**WORK REQUIRED:**
All lines in the records below with the word "where" must be returned.

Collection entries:

──────────────────────────────

lemma bhs_of_level_mul: "bhs_of (level_mul p q) = bhs_mul (bhs_of p) (bhs_of q)"
proof
  fix i
  obtain n h m g where pq: "p = (n, h)" "q = (m, g)" by fastforce
  define F where "F x = (if 1 \<le> x \<and> x \<le> n then 1 + h x
      else if 1 \<le> x - n \<and> x - n \<le> m then 1 + g (x - n) else 0)" for x
  have lm: "level_mul p q = (n + m, F)" unfolding pq F_def by (rule level_mul_Pair)
  show "bhs_of (level_mul p q) i = bhs_mul (bhs_of p) (bhs_of q) i"
  proof (cases i)
    case 0
    then have "{x \<in> {1..n + m}. F x = i} = {}" by (auto simp: F_def)
    then show ?thesis using 0 by (simp add: lm bhs_of_def bhs_mul_def)
  next
    case (Suc j)
    let ?P = "{x \<in> {1..n}. h x = j}" and ?Q = "{y \<in> {1..m}. g y = j}"
    have fibre: "{x \<in> {1..n + m}. F x = i} = ?P \<union> (\<lambda>y. y + n) ` ?Q"
    proof (intro equalityI subsetI)
      fix x assume x: "x \<in> {x \<in> {1..n + m}. F x = i}"
      show "x \<in> ?P \<union> (\<lambda>y. y + n) ` ?Q"
      proof (cases "x \<le> n")
        case False
        then have "x - n \<in> ?Q" using x Suc by (auto simp: F_def split: if_splits)
        then show ?thesis using False by (auto intro!: image_eqI[of x _ "x - n"])
      qed (use x Suc in \<open>auto simp: F_def\<close>)
    qed (use Suc in \<open>auto simp: F_def\<close>)
    have "card {x \<in> {1..n + m}. F x = i} = card ?P + card ((\<lambda>y. y + n) ` ?Q)"
      unfolding fibre by (rule card_Un_disjoint) auto
    also have "card ((\<lambda>y. y + n) ` ?Q) = card ?Q" by (simp add: card_image)
    finally show ?thesis using Suc unfolding lm by (simp add: pq bhs_of_def bhs_mul_def)
  qed
qed

lemma bhs_of_perm_act:
  assumes "\<sigma> permutes {1..n}"
  shows "bhs_of (n, perm_act \<sigma> h) = bhs_of (n, h)"
proof
  fix i
  have \<tau>: "inv \<sigma> permutes {1..n}" using assms by (rule permutes_inv)
  have "{x \<in> {1..n}. h (inv \<sigma> x) = i} = \<sigma> ` {y \<in> {1..n}. h y = i}"
    using permutes_inverses[OF assms] permutes_in_image[OF assms] permutes_in_image[OF \<tau>]
    by (auto intro!: image_eqI[where x = "inv \<sigma> _"])
  also have "card \<dots> = card {y \<in> {1..n}. h y = i}"
    using permutes_inj[OF assms] by (simp add: card_image inj_on_def)
  finally show "bhs_of (n, perm_act \<sigma> h) i = bhs_of (n, h) i"
    by (simp add: bhs_of_def perm_act_def)
qed

lemma support_bhs_of: "{i. bhs_of (n, h) i \<noteq> 0} = h ` {1..n}"
  by (auto simp: bhs_of_def)

lemma sum_bhs_of: "(\<Sum>i\<in>{i. bhs_of (n, h) i \<noteq> 0}. bhs_of (n, h) i) = n"
proof -
  have "n = (\<Sum>i\<in>h ` {1..n}. \<Sum>x\<in>{x \<in> {1..n}. h x = i}. 1)"
    using sum.image_gen[of "{1..n}" "\<lambda>_. 1 :: nat" h] by simp
  then show ?thesis unfolding support_bhs_of by (simp add: bhs_of_def)
qed

lemma weighted_sum_bhs_of:
  "(\<Sum>i\<in>{i. bhs_of (n, h) i \<noteq> 0}. real (bhs_of (n, h) i) / 2 ^ i) = (\<Sum>x\<in>{1..n}. (1/2) ^ h x)"
proof -
  have "(\<Sum>x\<in>{1..n}. (1/2::real) ^ h x) = (\<Sum>i\<in>h ` {1..n}. \<Sum>x\<in>{x \<in> {1..n}. h x = i}. (1/2) ^ h x)"
    by (rule sum.image_gen) simp
  also have "\<dots> = (\<Sum>i\<in>h ` {1..n}. real (bhs_of (n, h) i) / 2 ^ i)"
    by (intro sum.cong refl) (simp add: bhs_of_def power_one_over)
  finally show ?thesis unfolding support_bhs_of ..
qed
text \<open>Both \<open>Q\<close> and its complement are convex, so \<open>Q\<close> meets every leg in a subsegment,
  and the chain path can only re-enter \<open>Q\<close> through a vertex in \<open>Q\<close>.\<close>

lemma is_interval_chain_path_preimage:
  assumes "convex Q" "convex (- Q)" "no_reentry Q xs" "xs \<noteq> []"
  shows "is_interval {t \<in> {0..chain_length xs}. chain_path xs t \<in> Q}"
  using assms(3,4)
proof (induction xs rule: induct_list012)
  case (3 x y r)
  define c where "c = cnorm (y - x)"
  define R where "R = chain_length (y # r)"
  define S where "S = {t \<in> {0..c + R}. chain_path (x # y # r) t \<in> Q}"
  have c: "0 \<le> c" and R: "0 \<le> R"
    unfolding c_def R_def by (rule cnorm_nonneg chain_length_nonneg)+
  have shift: "chain_path (x # y # r) t = chain_path (y # r) (t - c)" if "c \<le> t" for t
    using that chain_path_shift by (simp add: c_def del: chain_path.simps(1))
  have leg: "chain_path (x # y # r) t \<in> closed_segment x y" if "t \<in> {0..c}" for t
    using imageI[OF that, of "\<lambda>t. id (chain_path (x # y # r) t)"]
    unfolding c_def image_chain_path_first_leg[OF linear_id] by simp
  have tail: "is_interval {t \<in> {0..R}. chain_path (y # r) t \<in> Q}"
    using 3 by (simp add: R_def)
  have in_first: "u \<in> S" if "a \<in> S" "b \<in> S" "a \<le> u" "u \<le> b" "b \<le> c" for a b u
  proof -
    have line: "chain_path (x # y # r) t = x + t *\<^sub>R ((1 / c) *\<^sub>R (y - x))" if "t \<le> c" for t
      using that by (simp add: c_def)
    have "is_interval {t. x + t *\<^sub>R ((1 / c) *\<^sub>R (y - x)) \<in> Q}"
      using convex_line_preimage[OF assms(1)] is_interval_convex_1 by blast
    then have "x + u *\<^sub>R ((1 / c) *\<^sub>R (y - x)) \<in> Q"
      using that line[of a] line[of b] unfolding S_def is_interval_1 by auto
    then show ?thesis
      using that line[of u] unfolding S_def by auto
  qed
  have in_rest: "u \<in> S" if "a \<in> S" "b \<in> S" "a \<le> u" "u \<le> b" "c \<le> a" for a b u
  proof -
    have "a - c \<in> {t \<in> {0..R}. chain_path (y # r) t \<in> Q}"
      "b - c \<in> {t \<in> {0..R}. chain_path (y # r) t \<in> Q}"
      using that shift[of a] shift[of b] unfolding S_def by auto
    then have "u - c \<in> {t \<in> {0..R}. chain_path (y # r) t \<in> Q}"
      using tail[unfolded is_interval_1, rule_format, of "a - c" "b - c" "u - c"] that by simp
    then show ?thesis
      using that shift[of u] unfolding S_def by auto
  qed
  have "is_interval S"
    unfolding is_interval_1
  proof (intro ballI allI impI)
    fix a b u
    assume a: "a \<in> S" and b: "b \<in> S" and u: "a \<le> u \<and> u \<le> b"
    consider "b \<le> c" | "c \<le> a" | "a < c" "c < b" "y \<in> Q" | "a < c" "c < b" "y \<notin> Q"
      by linarith
    then show "u \<in> S"
    proof cases
      case 3
      then have "c \<in> S"
        using shift[of c] c R by (simp add: S_def chain_path_0)
      then show ?thesis
        using in_first[OF a _ _ _ order.refl] in_rest[OF _ b _ _ order.refl] u by (meson linear)
    next
      case 4
      have "b - c \<in> {0..R}" "chain_path (y # r) (b - c) \<in> Q"
        using b 4 shift[of b] unfolding S_def by auto
      then have "\<not> set (y # r) \<subseteq> - Q"
        using chain_path_mem_polyline[of "y # r" "b - c"] polyline_subset_convex_hull[of "y # r"]
          hull_minimal[of "set (y # r)" "- Q" convex] assms(2) by (auto simp: R_def)
      then have "x \<notin> Q"
        using "3.prems"(1) 4 by auto
      then have "closed_segment x y \<subseteq> - Q"
        using 4 assms(2) by (simp add: convex_contains_segment)
      then show ?thesis
        using a 4 leg[of a] unfolding S_def by auto
    qed (use in_first in_rest a b u in blast)+
  qed
  then show ?case
    by (simp add: S_def c_def R_def)
qed (auto simp: is_interval_1)
lemma integral_exp_cost_SK_fst_le:
  assumes K: "prob_kernel M K" and A: "A \<in> invariant_probs M K" and B: "B \<in> invariant_probs M K"
    and cm: "(\<lambda>z. c (fst z) (snd z)) \<in> borel_measurable (M \<Otimes>\<^sub>M M)" and c0: "\<forall>x y. 0 \<le> c x y"
    and c1: "\<forall>x\<in>space M. \<forall>y\<in>space M. integrable (K x) (\<lambda>x'. c x' y) \<and> SK K (\<lambda>x'. c x' y) x = c x y"
    and e: "0 < \<epsilon>" and g1: "g1 \<in> Mb M" and g2: "g2 \<in> Mb M"
  shows "(\<integral>z. exp ((SK K g1 (fst z) + g2 (snd z) - c (fst z) (snd z)) / \<epsilon>) \<partial>(A \<Otimes>\<^sub>M B))
     \<le> (\<integral>z. exp ((g1 (fst z) + g2 (snd z) - c (fst z) (snd z)) / \<epsilon>) \<partial>(A \<Otimes>\<^sub>M B))"
proof -
  have AB: "A \<in> probs M" "B \<in> probs M"
    using A B by (auto simp: invariant_probs_def)
  interpret A: prob_space A using invariant_probsD(1)[OF A] .
  interpret B: prob_space B using invariant_probsD(1)[OF B] .
  interpret pair_sigma_finite A B ..
  define E where "E u x y = exp ((u x + g2 y - c x y) / \<epsilon>)" for u x y
  have int: "integrable (A \<Otimes>\<^sub>M B) (\<lambda>(x, y). E u x y)" if "u \<in> Mb M" for u
    using integrable_exp_cost[OF AB cm c0 e that g2] by (simp add: E_def split_beta')
  have "(\<integral>x. E (SK K g1) x y \<partial>A) \<le> (\<integral>x. E g1 x y \<partial>A)" if y: "y \<in> space M" for y
    unfolding E_def
  proof (rule integral_exp_SK_harmonic_le[OF K A g1 _ _ _ e])
    show "(\<lambda>x. c x y) \<in> borel_measurable M"
      using measurable_compose[OF measurable_Pair2'[OF y] cm] by simp
  qed (use c0 c1 y in auto)
  then have "(\<integral>y. (\<integral>x. E (SK K g1) x y \<partial>A) \<partial>B) \<le> (\<integral>y. (\<integral>x. E g1 x y \<partial>A) \<partial>B)"
    using invariant_probsD(3)[OF B]
    by (intro integral_mono[OF integrable_snd[OF int[OF SK_Mb[OF K g1]]] integrable_snd[OF int[OF g1]]]) auto
  then show ?thesis
    unfolding integral_snd[OF int[OF SK_Mb[OF K g1]]] integral_snd[OF int[OF g1]]
    by (simp add: E_def split_beta')
qed

lemma integral_exp_cost_swap:
  fixes c :: "'a \<Rightarrow> 'a \<Rightarrow> real"
  assumes A: "A \<in> probs M" and B: "B \<in> probs M"
    and cm: "(\<lambda>z. c (fst z) (snd z)) \<in> borel_measurable (M \<Otimes>\<^sub>M M)"
    and u: "u \<in> borel_measurable M" and v: "v \<in> borel_measurable M"
  shows "(\<integral>z. exp ((u (fst z) + v (snd z) - c (fst z) (snd z)) / \<epsilon>) \<partial>(A \<Otimes>\<^sub>M B))
     = (\<integral>z. exp ((v (fst z) + u (snd z) - c (snd z) (fst z)) / \<epsilon>) \<partial>(B \<Otimes>\<^sub>M A))"
proof -
  interpret A: prob_space A using A by (simp add: probs_def)
  interpret B: prob_space B using B by (simp add: probs_def)
  interpret pair_sigma_finite A B ..
  have sets_AB: "sets (A \<Otimes>\<^sub>M B) = sets (M \<Otimes>\<^sub>M M)"
    using A B by (auto simp: probs_def intro: sets_pair_measure_cong)
  have "(\<lambda>z. exp ((u (fst z) + v (snd z) - c (fst z) (snd z)) / \<epsilon>)) \<in> borel_measurable (M \<Otimes>\<^sub>M M)"
    using cm u v by measurable
  then have "(\<lambda>z. exp ((u (fst z) + v (snd z) - c (fst z) (snd z)) / \<epsilon>)) \<in> borel_measurable (A \<Otimes>\<^sub>M B)"
    by (simp only: measurable_cong_sets[OF sets_AB refl])
  from integral_product_swap[OF this] show ?thesis
    by (simp add: split_beta' add.commute)
qed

──────────────────────────────

**SOLUTION TO THIS EXERCISE:**
  obtain n h m g where pq: "p = (n, h)" "q = (m, g)" by fastforce
  define F where "F x = (if 1 \<le> x \<and> x \<le> n then 1 + h x
    by (auto intro!: image_eqI[where x = "inv \<sigma> _"])
  define c where "c = cnorm (y - x)"
  define R where "R = chain_length (y # r)"
  define S where "S = {t \<in> {0..c + R}. chain_path (x # y # r) t \<in> Q}"
  define E where "E u x y = exp ((u x + g2 y - c x y) / \<epsilon>)" for u x y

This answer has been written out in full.